## Your instructions:
Output exactly, with nothing added, the entries from the first line through the line with "(2 * n\<^sup>2".
BEGIN Records provided
lemma identity_6:
  fixes q k :: complex
  assumes q: "norm q < 1" and k: "k \<noteq> 1"
  shows "(\<lambda>n. (1 - k * q ^ (4*n)) * qpoch k q (2*n) / ((1 - k) * qpoch q q (2*n))
          * q ^ (2*n^2 - n))
      sums (qpoch_inf (k*q^2) (q^2) / qpoch_inf q (q^2))" (is "?f sums ?R")
proof (cases "q = 0")
  case True
  have "?f sums (?f 0 + ?f 1)"
  proof (rule sums_two_terms)
    fix n :: nat assume "2 \<le> n"
    then have "2 * n\<^sup>2 - n \<noteq> 0"
      by (simp add: power2_eq_square)
    then show "?f n = 0"
      by (simp add: True)
  qed
  moreover have "?f 0 + ?f 1 = ?R"
    using k by (simp add: True qpoch_q_0 qpoch_inf_q_0)
  ultimately show ?thesis
    by simp
next
  case False
  define p where "p = q\<^sup>2"
  have p: "norm p < 1"
    using q by (simp add: p_def norm_power power_less_one_iff)
  have "wp_num p k (1/q) 0 n = 1 ^ n * qpoch (k * q) p n * q ^ (2 * n\<^sup>2 - n)" for n
    unfolding wp_num_def qpoch_def sum_4i_plus_1[symmetric] p_def
    by (rule prod_factorwise) (unfold power_linear power_square_base power_Suc, use False in \<open>simp add: field_simps\<close>, algebra)
  moreover have U: "1/q * p = q" and "q * q = p"
    using False by (simp_all add: p_def power2_eq_square)
  moreover have "p ^ (2 * n) = q ^ (4 * n)" for n
    by (simp add: p_def flip: power_mult)
  moreover have "\<forall>n. qpoch q p n \<noteq> 0"
    using q p by (intro allI qpoch_nonzero) auto
  ultimately show ?thesis
    using wp_sums[OF p k, of "1/q" 0, unfolded U] unfolding qpoch_double p_def[symmetric]
    by (simp add: divide_inverse inverse_mult_distrib mult_ac)
qed

lemma identity_7:
  fixes q k :: complex
  assumes q: "norm q < 1" and k: "k \<noteq> 1" and kq: "\<forall>n. qpoch (-k*q) (q^2) n \<noteq> 0"
  shows "(\<lambda>n. (1 - k * q ^ (4*n)) * (qpoch (-q) (q^2) n * qpoch k q (2*n))
          / ((1 - k) * (qpoch (-k*q) (q^2) n * qpoch q q (2*n)))
          * q ^ (n^2 - n))
      sums (qpoch_inf (k*q^2) (q^2) * qpoch_inf (-1) (q^2)
            / (qpoch_inf (-k*q) (q^2) * qpoch_inf q (q^2)))" (is "?f sums ?R")
proof (cases "q = 0")
  case True
  have "?f sums (?f 0 + ?f 1)"
  proof (rule sums_two_terms)
    fix n :: nat assume "2 \<le> n"
    then have "n\<^sup>2 - n \<noteq> 0"
      by (simp add: power2_eq_square)
    then show "?f n = 0"
      by (simp add: True)
  qed
  moreover have "?f 0 + ?f 1 = ?R"
    using k by (simp add: True qpoch_q_0 qpoch_inf_q_0 numeral_2_eq_2)
  ultimately show ?thesis
    by simp
next
  case False
  define p where "p = q\<^sup>2"
  have p: "norm p < 1"
    using q by (simp add: p_def norm_power power_less_one_iff)
  have "wp_num p k (1/q) (-1/q) n = 1 ^ n * (\<Prod>i<n. (1 - k * q * p ^ i) * (1 - (-q) * p ^ i)) * q ^ (n\<^sup>2 - n)" for n
    unfolding wp_num_def sum_2i[symmetric] p_def
    by (rule prod_factorwise) (unfold power_mult power_square_base power_Suc, use False in \<open>simp add: field_simps\<close>, algebra)
  then have "wp_num p k (1/q) (-1/q) n = qpoch (k * q) p n * qpoch (-q) p n * q ^ (n\<^sup>2 - n)" for n
    by (simp add: qpoch_def prod.distrib)
  moreover have U: "1/q * p = q" and UC: "1/q * (-1/q) * p = -1" and aC: "k * (-1/q) * p = -k*q"
    and "q * q = p"
    using False by (simp_all add: p_def power2_eq_square)
  moreover have "p ^ (2 * n) = q ^ (4 * n)" for n
    by (simp add: p_def flip: power_mult)
  moreover have "\<forall>n. qpoch q p n \<noteq> 0"
    using q p by (intro allI qpoch_nonzero) auto
  ultimately show ?thesis
    using wp_sums[OF p k, of "1/q" "-1/q", unfolded U UC aC] kq unfolding qpoch_double p_def[symmetric]
    by (simp add: divide_inverse inverse_mult_distrib mult_ac)
qed

theorem mainTheorem16:
  fixes q k :: complex
  assumes hq: "norm q < 1" and hk: "k \<noteq> 1"
  shows
   "((\<lambda>n. (1 - k * q ^ (2*n)) * qpoch k q n / ((1 - k) * qpoch q q n)
          * (-1) ^ n * k ^ n * q ^ (n * (3*n - 1) div 2))
      sums qpoch_inf (k*q) q) \<and>
   ((\<forall>n. qpoch (-k*q) (q^2) n \<noteq> 0) \<longrightarrow>
    (\<lambda>n. (1 - k * q ^ (4*n)) * (qpoch (-q) (q^2) n * qpoch k (q^2) n)
          / ((1 - k) * (qpoch (-k*q) (q^2) n * qpoch (q^2) (q^2) n))
          * (-1) ^ n * k ^ n * q ^ (2*n^2 - n))
      sums (qpoch_inf (k*q^2) (q^2) / qpoch_inf (-k*q) (q^2))) \<and>
   ((\<forall>n. qpoch (-k*q) q n \<noteq> 0) \<longrightarrow>
    (\<lambda>n. (1 - k * q ^ (2*n)) * (qpoch (-1) q n * qpoch k q n)
          / ((1 - k) * (qpoch (-k*q) q n * qpoch q q n))
          * (-1) ^ n * k ^ n * q ^ (n^2))
      sums (qpoch_inf (k*q) q / qpoch_inf (-k*q) q)) \<and>
   ((\<lambda>n. (1 - k * q ^ (2*n)) * qpoch (k^2) (q^2) n / ((1 - k) * qpoch (q^2) (q^2) n)
          * (-1) ^ n * q ^ (n^2))
      sums (qpoch_inf (k*q) q * qpoch_inf q (q^2))) \<and>
   ((\<forall>n. qpoch (-k*q) (q^2) n \<noteq> 0) \<longrightarrow>
    (\<lambda>n. (1 - k * q ^ (4*n)) * (qpoch (-q) (q^2) n * qpoch (k^2) (q^4) n)
          / ((1 - k) * (qpoch (-k*q) (q^2) n * qpoch (q^4) (q^4) n))
          * (-1) ^ n * q ^ (n^2))
      sums (qpoch_inf (k*q^2) (q^2) * qpoch_inf q q
            / (qpoch_inf (-k*q) (q^2) * qpoch_inf (q^4) (q^4)))) \<and>
   ((\<lambda>n. (1 - k * q ^ (4*n)) * qpoch k q (2*n) / ((1 - k) * qpoch q q (2*n))
          * q ^ (2*n^2 - n))
      sums (qpoch_inf (k*q^2) (q^2) / qpoch_inf q (q^2))) \<and>
   ((\<forall>n. qpoch (-k*q) (q^2) n \<noteq> 0) \<longrightarrow>
    (\<lambda>n. (1 - k * q ^ (4*n)) * (qpoch (-q) (q^2) n * qpoch k q (2*n))
          / ((1 - k) * (qpoch (-k*q) (q^2) n * qpoch q q (2*n)))
          * q ^ (n^2 - n))
      sums (qpoch_inf (k*q^2) (q^2) * qpoch_inf (-1) (q^2)
            / (qpoch_inf (-k*q) (q^2) * qpoch_inf q (q^2))))"
  using identity_1[OF hq hk] identity_2[OF hq hk] identity_3[OF hq hk] identity_4[OF hq hk]
    identity_5[OF hq hk] identity_6[OF hq hk] identity_7[OF hq hk]
  by blast

end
END Records provided
## Result:
lemma identity_6:
  fixes q k :: complex
  assumes q: "norm q < 1" and k: "k \<noteq> 1"
  shows "(\<lambda>n. (1 - k * q ^ (4*n)) * qpoch k q (2*n) / ((1 - k) * qpoch q q (2*n))
          * q ^ (2*n^2 - n))
      sums (qpoch_inf (k*q^2) (q^2) / qpoch_inf q (q^2))" (is "?f sums ?R")
proof (cases "q = 0")
  case True
  have "?f sums (?f 0 + ?f 1)"
  proof (rule sums_two_terms)
    fix n :: nat assume "2 \<le> n"
    then have "2 * n\<^sup>2 - n \<noteq> 0"
      by (simp add: power2_eq_square)
    then show "?f n = 0"
      by (simp add: True)
  qed
  moreover have "?f 0 + ?f 1 = ?R"
    using k by (simp add: True qpoch_q_0 qpoch_inf_q_0)
  ultimately show ?thesis
    by simp
next
  case False
  define p where "p = q\<^sup>2"
  have p: "norm p < 1"
    using q by (simp add: p_def norm_power power_less_one_iff)
  have "wp_num p k (1/q) 0 n = 1 ^ n * qpoch (k * q) p n * q ^ (2 * n\<^sup>2 - n)" for n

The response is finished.